[ACTION ITEM] Given the records below, would you repeat exactly the lines that begin at the one containing "shows False" and end at the one containing "- F\<^sup>2 >", inclusive?

Saved entries:
lemma soliton_chart_no_barrier_max:
  fixes X :: "real \<times> real \<Rightarrow> real^3" and N :: "real^3"
  assumes W: "open W" "w \<in> W" and X: "Cdiff 2 W X"
    and indep: "\<forall>a b. a *\<^sub>R pu X w + b *\<^sub>R pv X w = 0 \<longrightarrow> a = 0 \<and> b = 0"
    and pos: "\<forall>w'\<in>W. X w' $ 2 > 0"
    and N: "Hmetric (X w) N N = 1" "Hmetric (X w) N (pu X w) = 0" "Hmetric (X w) N (pv X w) = 0"
    and soliton: "mean_curv X N w = N$3"
    and max: "\<forall>w'\<in>W. barrier \<delta> (X w') \<le> barrier \<delta> (X w)"
    and \<delta>: "0 \<le> \<delta>" "4 * \<delta> \<le> 1 / X w $ 2"
  shows False
proof -
  define P U V where "P = X w" and "U = pu X w" and "V = pv X w"
  define E F G where "E = Hmetric P U U" and "F = Hmetric P U V" and "G = Hmetric P V V"
  define k k2 where "k = hump' \<delta> (P$3)" and "k2 = hump'' \<delta> (P$3)"
  have y: "P$2 > 0"
    using pos W(2) by (simp add: P_def)
  note critical = barrier_max_in_chart[OF W X pos max, folded P_def U_def V_def]
  have "Hmetric P (barrier_grad \<delta> P) U = 0" "Hmetric P (barrier_grad \<delta> P) V = 0"
    using critical(1)[of 1 0] critical(1)[of 0 1] by simp_all
  moreover have "barrier_grad \<delta> P \<noteq> 0"
    by (metis barrier_grad_def vector_3(2) zero_index zero_neq_neg_one)
  ultimately obtain c where Nc: "N = c *\<^sub>R barrier_grad \<delta> P"
    using Hmetric_normal_parallel[of P U V N "barrier_grad \<delta> P"] y indep N(2,3)
    by (auto simp: P_def U_def V_def)
  have c: "c \<noteq> 0"
    using N(1) Nc by (auto simp: P_def Hmetric_def)
  note gram = Hmetric_gram_det[of P U V, folded E_def F_def G_def]
  have D: "E * G - F\<^sup>2 > 0" and E: "E > 0"
    and vertical: "G * (U$3)\<^sup>2 - 2 * F * U$3 * V$3 + E * (V$3)\<^sup>2 \<le> E * G - F\<^sup>2"
    using gram y indep by (simp_all add: U_def V_def)
  have trace_nonpos: "G * barrier_hess \<delta> P U U (pu (pu X) w) - 2 * F * barrier_hess \<delta> P U V (pu (pv X) w)
      + E * barrier_hess \<delta> P V V (pv (pv X) w) \<le> 0" (is "?trace \<le> 0")
    using quadratic_form_trace_nonpos[OF E D] critical(2) barrier_hess_quadratic by simp
  have trace: "?trace = 2 * (k + 1 / P$2) * (E * G - F\<^sup>2)
      + (k2 - 1 / P$2) * (G * (U$3)\<^sup>2 - 2 * F * U$3 * V$3 + E * (V$3)\<^sup>2)"
    using soliton_barrier_hess_trace[of P c N \<delta> U V] y c Nc D soliton
    unfolding mean_curv_def Let_def by (simp add: E_def F_def G_def k_def k2_def P_def U_def V_def)
  have "?trace > 0"
    unfolding trace using abs_hump'_le[OF \<delta>(1)] abs_hump''_le[OF \<delta>(1)] \<delta>(2) y D vertical
    by (intro barrier_trace_pos) (simp_all add: k_def k2_def P_def)
  with trace_nonpos show False
    by simp
qed
(* Let $q$ be a query and run the Neighboring Graph Defects Fixing procedure (described in the context) for $q$ on a graph index $G=(V,E,E_{EX})$ with parameters $N_q$, $K_h\ge N_q$ and $M_{EX}$. Then the procedure inserts at most $2(N_q-1)$ extra directed edges into $E_{EX}$.
   Context: Setting: $X\subseteq\mathbb{R}^d$ finite base set, $\delta$ a symmetric distance, $N_{i,q}$ the $i$-th nearest neighbour of $q$ in $X$, $F_{x,q}$ the rank of $x\in X$ as a neighbour of $q$. A graph index is $G=(V,E,E_{EX})$ with vertex set $X$, base directed edges $E$ and extra directed edges $E_{EX}$, each extra edge stored as a triple $(u,v,h)$ with a weight $h$; paths use edges of $E\cup E_{EX}$. Escape Hardness: $EH(u,v,q,G)=\min_{p}\max_{x\in p}F_{x,q}$ over directed paths $p$ from $u$ to $v$ ($+\infty$ if none); $\mathbb{H}_{i,j}=EH(N_{i,q},N_{j,q},q,G)$ for $1\le i,j\le N_q$. The $K_h$-reachable matrix $\mathbb{T}\in\{0,1\}^{N_q\times N_q}$ has $\mathbb{T}_{i,j}=1$ iff $\mathbb{H}_{i,j}\le K_h$. For a vertex $u$, $ExtraNeighbors(u)$ is the set of $v$ with $(u,v,h)\in E_{EX}$ for some $h$. Procedure (with $\mathbb{H},\mathbb{T}$ computed on the input graph): let $EC$ be the set of pairs $(i,j)$, $1\le i,j\le N_q$, with $\mathbb{T}_{i,j}=0$, sorted in ascending order of $\delta(N_{i,q},N_{j,q})$. While $EC\ne\emptyset$: pop the first pair $(s,t)$; if $\mathbb{T}_{s,t}\ne0$, continue to the next pair; otherwise set $\mathbb{T}_{s,t}\leftarrow1$; if $|ExtraNeighbors(N_{s,q})|<M_{EX}$, insert $(N_{s,q},N_{t,q},\mathbb{H}_{s,t})$ into $E_{EX}$; else choose $(N_{s,q},v,h)\in E_{EX}$ with minimum $h$ and, if $h<\mathbb{H}_{s,t}$, remove it from $E_{EX}$ and insert $(N_{s,q},N_{t,q},\mathbb{H}_{s,t})$; then for all $1\le i,j\le N_q$ set $\mathbb{T}_{i,j}\leftarrow\mathbb{T}_{i,j}\lor(\mathbb{T}_{i,s}\land\mathbb{T}_{t,j})$. Return the resulting graph. *)

theory Defs
  imports "HOL-Analysis.Analysis" "HOL-Library.Extended_Nat"
begin

type_synonym 'd point = "real ^ 'd"

definition rank :: "(nat \<Rightarrow> 'p) \<Rightarrow> 'p set \<Rightarrow> 'p \<Rightarrow> nat" where
  "rank N X x = the_inv_into {1..card X} N x"

definition nn_enum :: "('p \<Rightarrow> 'p \<Rightarrow> real) \<Rightarrow> 'p set \<Rightarrow> 'p \<Rightarrow> (nat \<Rightarrow> 'p) \<Rightarrow> bool" where
  "nn_enum \<delta> X q N \<longleftrightarrow> bij_betw N {1..card X} X \<and>
     (\<forall>i j. 1 \<le> i \<longrightarrow> i \<le> j \<longrightarrow> j \<le> card X \<longrightarrow> \<delta> q (N i) \<le> \<delta> q (N j))"

definition all_edges :: "('p \<times> 'p) set \<Rightarrow> ('p \<times> 'p \<times> enat) set \<Rightarrow> ('p \<times> 'p) set" where
  "all_edges E EEX = E \<union> {(u, v). \<exists>h. (u, v, h) \<in> EEX}"

definition gpath :: "('p \<times> 'p) set \<Rightarrow> 'p list \<Rightarrow> bool" where
  "gpath A p \<longleftrightarrow> p \<noteq> [] \<and> (\<forall>k. Suc k < length p \<longrightarrow> (p ! k, p ! Suc k) \<in> A)"

text \<open>Escape hardness EH(u,v,q,G); the infimum of the empty set in enat is \<infinity>.\<close>
definition EH :: "('p \<Rightarrow> nat) \<Rightarrow> ('p \<times> 'p) set \<Rightarrow> ('p \<times> 'p \<times> enat) set \<Rightarrow> 'p \<Rightarrow> 'p \<Rightarrow> enat" where
  "EH F E EEX u v =
     (INF p \<in> {p. gpath (all_edges E EEX) p \<and> hd p = u \<and> last p = v}. enat (Max (F ` set p)))"

definition ExtraNeighbors :: "('p \<times> 'p \<times> enat) set \<Rightarrow> 'p \<Rightarrow> 'p set" where
  "ExtraNeighbors EEX u = {v. \<exists>h. (u, v, h) \<in> EEX}"

definition T_update :: "(nat \<Rightarrow> nat \<Rightarrow> bool) \<Rightarrow> nat \<Rightarrow> nat \<Rightarrow> (nat \<Rightarrow> nat \<Rightarrow> bool)" where
  "T_update T s t = (let T' = T(s := (T s)(t := True)) in (\<lambda>i j. T' i j \<or> (T' i s \<and> T' t j)))"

[COMPLETED EXERCISE]
  shows False
proof -
  define P U V where "P = X w" and "U = pu X w" and "V = pv X w"
  define E F G where "E = Hmetric P U U" and "F = Hmetric P U V" and "G = Hmetric P V V"
  define k k2 where "k = hump' \<delta> (P$3)" and "k2 = hump'' \<delta> (P$3)"
  have y: "P$2 > 0"
    using pos W(2) by (simp add: P_def)
  note critical = barrier_max_in_chart[OF W X pos max, folded P_def U_def V_def]
  have "Hmetric P (barrier_grad \<delta> P) U = 0" "Hmetric P (barrier_grad \<delta> P) V = 0"
    using critical(1)[of 1 0] critical(1)[of 0 1] by simp_all
  moreover have "barrier_grad \<delta> P \<noteq> 0"
    by (metis barrier_grad_def vector_3(2) zero_index zero_neq_neg_one)
  ultimately obtain c where Nc: "N = c *\<^sub>R barrier_grad \<delta> P"
    using Hmetric_normal_parallel[of P U V N "barrier_grad \<delta> P"] y indep N(2,3)
    by (auto simp: P_def U_def V_def)
  have c: "c \<noteq> 0"
    using N(1) Nc by (auto simp: P_def Hmetric_def)
  note gram = Hmetric_gram_det[of P U V, folded E_def F_def G_def]
  have D: "E * G - F\<^sup>2 > 0" and E: "E > 0"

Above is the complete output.